"Fingerprinting" of Audio Files?
Pseudonymous Coward writes: "This could be interesting: 'Tuneprint is an audio fingerprinting algorithm. It takes the unique 'fingerprint' of a sound clip, which can then be compared to a fingerprint database to get more information about the clip, like title and artist, lyrics, URLs, related music, copyright status, or almost anything else. The fingerprint doesn't change even if the sound is compressed, converted to a different file format, broadcast over the radio, and so on.'"
FAQ:
If watermarks are steganography, fingerprints are more like hashes or CRCs. If you have a perfect fingerprint, the fingerprint being separate from the song, you'd have to make the song not sound like itself in order to stop it from being recognized.
Of course, we have yet to see how good Tuneprint is, but it sounds pretty cool. And it wouldn't be hard to build up a database with a bunch of CDs and CDDB.
Hiya. My name is Geoff and Tuneprint is my baby which some excellent and astonishing friends at MIT are helping me deliver.
I'd already been up all night when the story was posted at 7am. I'm going to try to stumble my way through a few points, get some breakfast, and try to answer people's questions as soon as I can get to it.
First of all, this is not a hoax. Wow, hair triggers :) Yeah, I was sleep deprived whilst writing most of the website. Yeah, the barcode in the logo is '31337 24816'.. get it.. eleet powers of two. eleet two-to-the-n's. eleet two-n's. eleet tunes. yeah. well. you had to be there. and jamie's to blame for the 24816 pun :) Don't hold it against us that we're not suits.
The general idea is pretty simple. We take the input audio. We condition it (adjust it to a known sampling rate and volume.) We pass it through the psychoacoustic model (it's about a notch more complicated than what you'd see in a mp3 encoder, which ain't saying much. This is all stuff that was mostly hashed out decades ago.) This model effectively strips the parts of the sound you can't hear -- the desired result being that even if the audio has been compressed or manipulated subaudibly, the result is still the same. Okay, so the net result of all of this is a vector that covers a very small segment (fraction of a second) of audio. We stack several of these vectors (possibly separated in time by a bit) side-by-side to get a big vector. Then we do completely boring and standard and well-understood statistical and pattern-matching stuff on the vector to make it smaller and more palatable for the server -- think of it as lossy compression. Then it goes off to the server. The server is about equal in complexity to a text search engine. (I say this fully realizing that I have only a vague impression how Google works. It's certainly a lot more complicated than the obvious hash-table-of-sorted-lists stuff.) It finds the database vector that's the best match in a fairly boring but efficient way. (No, it does not involve searching through all tracks one by one, no more than Altavista searches through all web pages one by one every time you want to find some porn.) Call the result a submatch. Back at the client, the whole process is repeated a bunch more times, generating a stream of submatches ("Radiohead offset 0.. Radiohead offset 1024 or 16384.. Slashdot's Gr34test Hits 5262324.. Radiohead offset 3072..") from the input audio stream. Then, the client looks at the submatches and tries to figure out what the input audio was and where the song boundaries are (did somebody really stick in a sample from Slashdot's Gr34test Hits, or was that just an unlucky match?)

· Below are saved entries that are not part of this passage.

(* If $\mathcal{I}$ is a boring ideal, then every Hausdorff space in $\mathrm{FinBW}(\mathcal{I})$ is a boring space.
   Context: An ideal on an infinite countable set $X$ is a family $\mathcal{I}\subseteq\mathcal{P}(X)$ closed under subsets and finite unions, containing all finite subsets, with $X\notin\mathcal{I}$. A space $X$ is in $\mathrm{FinBW}(\mathcal{I})$ if $X$ is Hausdorff and for every sequence $(x_n)_{n\in\bigcup\mathcal{I}}$ in $X$ there is $A\notin\mathcal{I}$ with $(x_n)_{n\in A}$ convergent in $X$. $\mathrm{Fin}^2$: ideal on $\omega^2$ of all $A$ with only finitely many $n$ such that $\{m:(n,m)\in A\}$ is infinite. $\mathcal{BI}$: ideal on $\omega^3$ of all $A$ for which there is $k$ with $\{(j,l):(i,j,l)\in A\}\in\mathrm{Fin}^2$ for $i<k$ and finite for $i\ge k$. $\mathcal{I}\sqsubseteq\mathcal{J}$: there is a bijection $f:\bigcup\mathcal{J}\to\bigcup\mathcal{I}$ with $f^{-1}[A]\in\mathcal{J}$ for all $A\in\mathcal{I}$. $\mathcal{I}$ is boring if $\mathcal{BI}\sqsubseteq\mathcal{I}$. A topological space is boring if it is sequentially compact and there is a finite $F\subseteq X$ such that every convergent sequence in $X$ with infinitely many distinct values converges to some point of $F$. *)

theory Defs
  imports "HOL-Analysis.Analysis"
begin

definition is_ideal :: "'a set set \<Rightarrow> bool" where
  "is_ideal I \<longleftrightarrow>
     infinite (\<Union>I) \<and> countable (\<Union>I) \<and>
     (\<forall>A\<in>I. \<forall>B. B \<subseteq> A \<longrightarrow> B \<in> I) \<and>
     (\<forall>A\<in>I. \<forall>B\<in>I. A \<union> B \<in> I) \<and>
     (\<forall>F. F \<subseteq> \<Union>I \<and> finite F \<longrightarrow> F \<in> I) \<and>
     \<Union>I \<notin> I"

definition conv_on :: "'b topology \<Rightarrow> ('a \<Rightarrow> 'b) \<Rightarrow> 'a set \<Rightarrow> bool" where
  "conv_on X x A \<longleftrightarrow>
     (\<exists>l\<in>topspace X. \<forall>U. openin X U \<and> l \<in> U \<longrightarrow> finite {n\<in>A. x n \<notin> U})"

definition FinBW :: "'a set set \<Rightarrow> 'b topology \<Rightarrow> bool" where
  "FinBW I X \<longleftrightarrow> Hausdorff_space X \<and>
     (\<forall>x. (\<forall>n\<in>\<Union>I. x n \<in> topspace X) \<longrightarrow>
        (\<exists>A. A \<subseteq> \<Union>I \<and> A \<notin> I \<and> conv_on X x A))"

definition Fin2 :: "(nat \<times> nat) set set" where
  "Fin2 = {A. finite {n. infinite {m. (n, m) \<in> A}}}"

definition BI :: "(nat \<times> nat \<times> nat) set set" where
  "BI = {A. \<exists>k. (\<forall>i<k. {(j, l). (i, j, l) \<in> A} \<in> Fin2) \<and>
                (\<forall>i\<ge>k. finite {(j, l). (i, j, l) \<in> A})}"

See? Not magic. It's a challenging problem, but not an impossible problem. The reason that this doesn't exist right now is not that generations of scientists have tried and failed, but rather that people didn't care too much until lately and nobody's gotten off their ass and done anything about it yet. I like big but approachable problems, which is one of the reasons I'm excited about this.

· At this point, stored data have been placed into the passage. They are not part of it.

lemma estimable_imp_factor:
  assumes A: "A \<in> carrier_mat J J" and es: "estimable J A z"
  obtains W where "W \<in> carrier_mat J J" and "A = mat_diag J z * W"
proof -
  obtain w where w: "\<And>k. k < J \<Longrightarrow> w k \<in> carrier_vec J \<and> col A k = mat_diag J z *\<^sub>v w k"
    using es A unfolding estimable_def diag_design_eq_mat_diag by (metis carrier_matD(2))
  let ?W = "mat J J (\<lambda>(i, k). w k $ i)"
  have "A = mat_diag J z * ?W"
  proof (rule mat_col_eqI)
    fix k assume "k < dim_col (mat_diag J z * ?W)"
    then have k: "k < J" by simp
    have "col (mat_diag J z * ?W) k = mat_diag J z *\<^sub>v col ?W k"
      by (rule col_mult2[of _ J J _ J]) (simp_all add: k)
    also have "col ?W k = w k" using w[OF k] k by (auto intro!: eq_vecI)
    finally show "col A k = col (mat_diag J z * ?W) k"
      using w[OF k] by simp
  qed (use A in \<open>simp_all add: mat_diag_def\<close>)
  then show ?thesis using that[of ?W] by simp
qed

lemma estimable_imp_pos:
  assumes A: "A \<in> carrier_mat J J" and "det A \<noteq> 0"
    and "approx_design J I z" and "estimable J A z" and i: "i < J"
  shows "0 < z i"
proof -
  obtain W where W: "W \<in> carrier_mat J J" and AW: "A = mat_diag J z * W"
    using estimable_imp_factor[OF A \<open>estimable J A z\<close>] by blast
  have "det A = (\<Prod>i=0..<J. z i) * det W"
    unfolding AW using W by (simp add: det_mult[of _ J] det_mat_diag)
  with \<open>det A \<noteq> 0\<close> i have "z i \<noteq> 0" by auto
  moreover have "0 \<le> z i" using \<open>approx_design J I z\<close> i by (simp add: approx_design_def)
  ultimately show ?thesis by simp
qed

lemma pos_imp_estimable:
  assumes A: "A \<in> carrier_mat J J" and "det A \<noteq> 0" and z: "\<And>i. i < J \<Longrightarrow> 0 < z i"
  shows "estimable J A z"
  unfolding estimable_def
proof
  show "\<forall>v\<in>carrier_vec (dim_col A). A *\<^sub>v v = 0\<^sub>v (dim_row A) \<longrightarrow> v = 0\<^sub>v (dim_col A)"
    using det_0_iff_vec_prod_zero[OF A] \<open>det A \<noteq> 0\<close> A by auto
  show "\<forall>k<dim_col A. \<exists>w\<in>carrier_vec J. col A k = diag_design J z *\<^sub>v w"
  proof (intro allI impI)
    fix k assume "k < dim_col A"
    then have k: "k < J" using A by simp
    let ?w = "vec J (\<lambda>i. A $$ (i, k) / z i)"
    have "col A k = mat_diag J z *\<^sub>v ?w"
    proof (rule eq_vecI)
      fix i assume "i < dim_vec (mat_diag J z *\<^sub>v ?w)"
      then have i: "i < J" by (simp add: mat_diag_def)
      have "(mat_diag J z *\<^sub>v ?w) $ i = z i * (A $$ (i, k) / z i)"
        using i by (simp add: mat_diag_mult_vec)
      then show "col A k $ i = (mat_diag J z *\<^sub>v ?w) $ i"
        using i k A z[OF i] by simp
    qed (use A in \<open>simp add: mat_diag_def\<close>)
    then show "\<exists>w\<in>carrier_vec J. col A k = diag_design J z *\<^sub>v w"
      unfolding diag_design_eq_mat_diag by (intro bexI[of _ ?w]) simp_all
  qed
qed

lemma approx_design_reverse_midpoint:
  assumes "approx_design J I z"
  shows "approx_design J I (\<lambda>i. (z i + z (J - 1 - i)) / 2)"
proof -
  have "(\<Sum>i<J. z (J - 1 - i)) = (\<Sum>i<J. z i)"
    using sum.nat_diff_reindex[of z J] by simp
  with assms show ?thesis
    by (simp add: approx_design_def sum.distrib sum_divide_distrib[symmetric])
qed

lemma det_info_mat_ar_cov:
  assumes A: "A \<in> carrier_mat J J" and se2: "0 < se2" and "0 \<le> sg2" "0 \<le> rho" "rho \<le> 1"
    and z: "\<And>i. i < J \<Longrightarrow> 0 < z i"
  shows "det (info_mat J se2 (ar_cov J sg2 rho) A z) = (det A)\<^sup>2 / det (mean_cov J se2 (ar_kernel sg2 rho) z)"
proof -
  have "pos_semidef J (ar_kernel sg2 rho)"
    using assms by (intro pos_semidef_ar_kernel)
  then have "0 < det (mean_cov J se2 (ar_kernel sg2 rho) z)"
    by (rule det_mean_cov_pos[OF _ se2]) (rule z)
  then show ?thesis
    unfolding ar_cov_eq using z by (intro det_info_mat[OF A]) auto
qed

FOR ALL OF YOU WHO FELL ASLEEP THROUGH THAT: YOU CANNOT ADD AN INAUDIBLE TONE TO THE MUSIC AND BREAK TUNEPRINT. THE FINGERPRINT IS BASED ON THE LARGE-SCALE PSYCHOACOUSTIC FEATURES OF THE MUSIC. IF MP3 ENCODERS CAN DO IT, SO CAN WE. Maybe not perfectly, but enough to have a fighting chance. THAT'S THE WHOLE POINT HERE.
jen is telling me to go to breakfast but I want to say one more thing, which is that y'all should also pay attention to the second of our two goals as listed in the FAQ, which is to get this tech and access to a nice, well-maintained central database out into the hands of everybody, commerical and open source, major label and independent, so that people can go do lots of cool stuff with it. I don't want this to end up controlled by a single organization that permits its use only in ways that further its private agenda.

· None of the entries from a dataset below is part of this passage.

(* Let $\alpha,\beta$ be words over $X$ such that $\alpha\beta$ has no repeated letters, $|\alpha|$ is even, and $|\beta|=2n$ with $n\ge1$. Then $$f[\alpha]\,f[\alpha\beta]^{\,n-1}=\sum s(\beta,x_1y_1\ldots x_ny_n)\,f[(\alpha\beta)\setminus x_1y_1]\,f[(\alpha\beta)\setminus x_2y_2]\cdots f[(\alpha\beta)\setminus x_ny_n].$$ The sum is over all perfect matchings $\{x_1,y_1\},\ldots,\{x_n,y_n\}$ of the set of letters of $\beta$, each matching counted once.
   Context: Setting. Let $X$ be a set and $R$ a commutative ring. Let $f$ assign to each ordered pair $(x,y)\in X\times X$ an element $f[xy]\in R$, subject to $f[xy]=-f[yx]$ and $f[xx]=0$ for all $x,y\in X$. Words. A word is a finite sequence of elements (letters) of $X$. Concatenation is written by juxtaposition, $\epsilon$ is the empty word, and $|\alpha|$ is the length of $\alpha$. For words $\alpha,\beta$, the word $\alpha\setminus\beta$ is obtained from $\alpha$ by deleting every letter that occurs in $\beta$. Sign. For words $\alpha,\beta$, set $s(\alpha,\beta)=0$ if $\alpha$ or $\beta$ has a repeated letter, or if $\beta$ contains a letter not in $\alpha$. Otherwise $s(\alpha,\beta)\in\{\pm1\}$ is the sign of the permutation that rearranges $\alpha$ into the word $\beta(\alpha\setminus\beta)$. Pfaffian. Let $\alpha=x_1\ldots x_{2n}$ be a word with distinct letters. Then $$f[\alpha]=\sum s(\alpha,y_1\ldots y_{2n})\,f[y_1y_2]\cdots f[y_{2n-1}y_{2n}],$$ where the sum is over the $(2n-1)(2n-3)\cdots1$ partitions of $\{x_1,\ldots,x_{2n}\}$ into pairs $\{y_1,y_2\},\ldots,\{y_{2n-1},y_{2n}\}$. Each term does not depend on the order in which the pairs or their elements are listed. Further conventions: $f[\epsilon]=1$; $f[\alpha]=0$ if $\alpha$ has a repeated letter; and $f[\alpha]=0$ if $|\alpha|$ is odd. *)

theory Defs
  imports "HOL-Combinatorics.Permutations"
begin

definition wminus :: "'a list \<Rightarrow> 'a list \<Rightarrow> 'a list" where
  "wminus \<alpha> \<beta> = filter (\<lambda>c. c \<notin> set \<beta>) \<alpha>"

Hint: I know that there are sekrit batcave startups that are working on the same thing, because we're starting to bump into them.
Oh yeah. Also like I say in the FAQ, it's not done. No promises. I like the current algorithm; it reflects the wisdom of throwing several other stabs away in disgust. I like the very limited performance data we have. I like the mathematical theory. We haven't scaled it very far yet, though, and it may all come toppling down. In which case we'll pick up the pieces and try again. But I'm confident we'll pull off something cool, because, well, 70% of what we want to do isn't that hard. The other 30% is a bitch and will require cleverness, work, and chutzpah, but even the 70% is going to be a damn useful tool. And this project has started to catch the eyes of some pretty f*cking brilliant techincal people, in my opinion, so I think we're all over that 30%.
breakfast now. more later :)
geoff
PS: if you've emailed me in the past few days, and I haven't gotten back to you, I'm sorry -- things are pretty hectic around here. I really hope to burn through the backlog this afternoon before I get to the slashdot stuff. thanks :)
Ever wonder if you get a nice warning email before you show up on slashdot? the answer would be 'no' :p
A fingerprint is an inherent property of a file, much like your own fingerprints are inherent properties of your fingers. Both kind of fingerprints are used to identify things. A cryptographic hash is a kind of fingerprint. If two files have the same hash they are likely to be identical.
A watermark is a piece of information artificially added to a file. They are akin of watermarks on dollar bills. There is one difference though. Digital watermarks are designed for difficulty of removal, while watermarks on money are designed for difficulty of reproduction. Watermarks are used to certify autenticity of things. A cryptographic signature is a kind of watermark. It can certify that I, not somebody else, signed some file.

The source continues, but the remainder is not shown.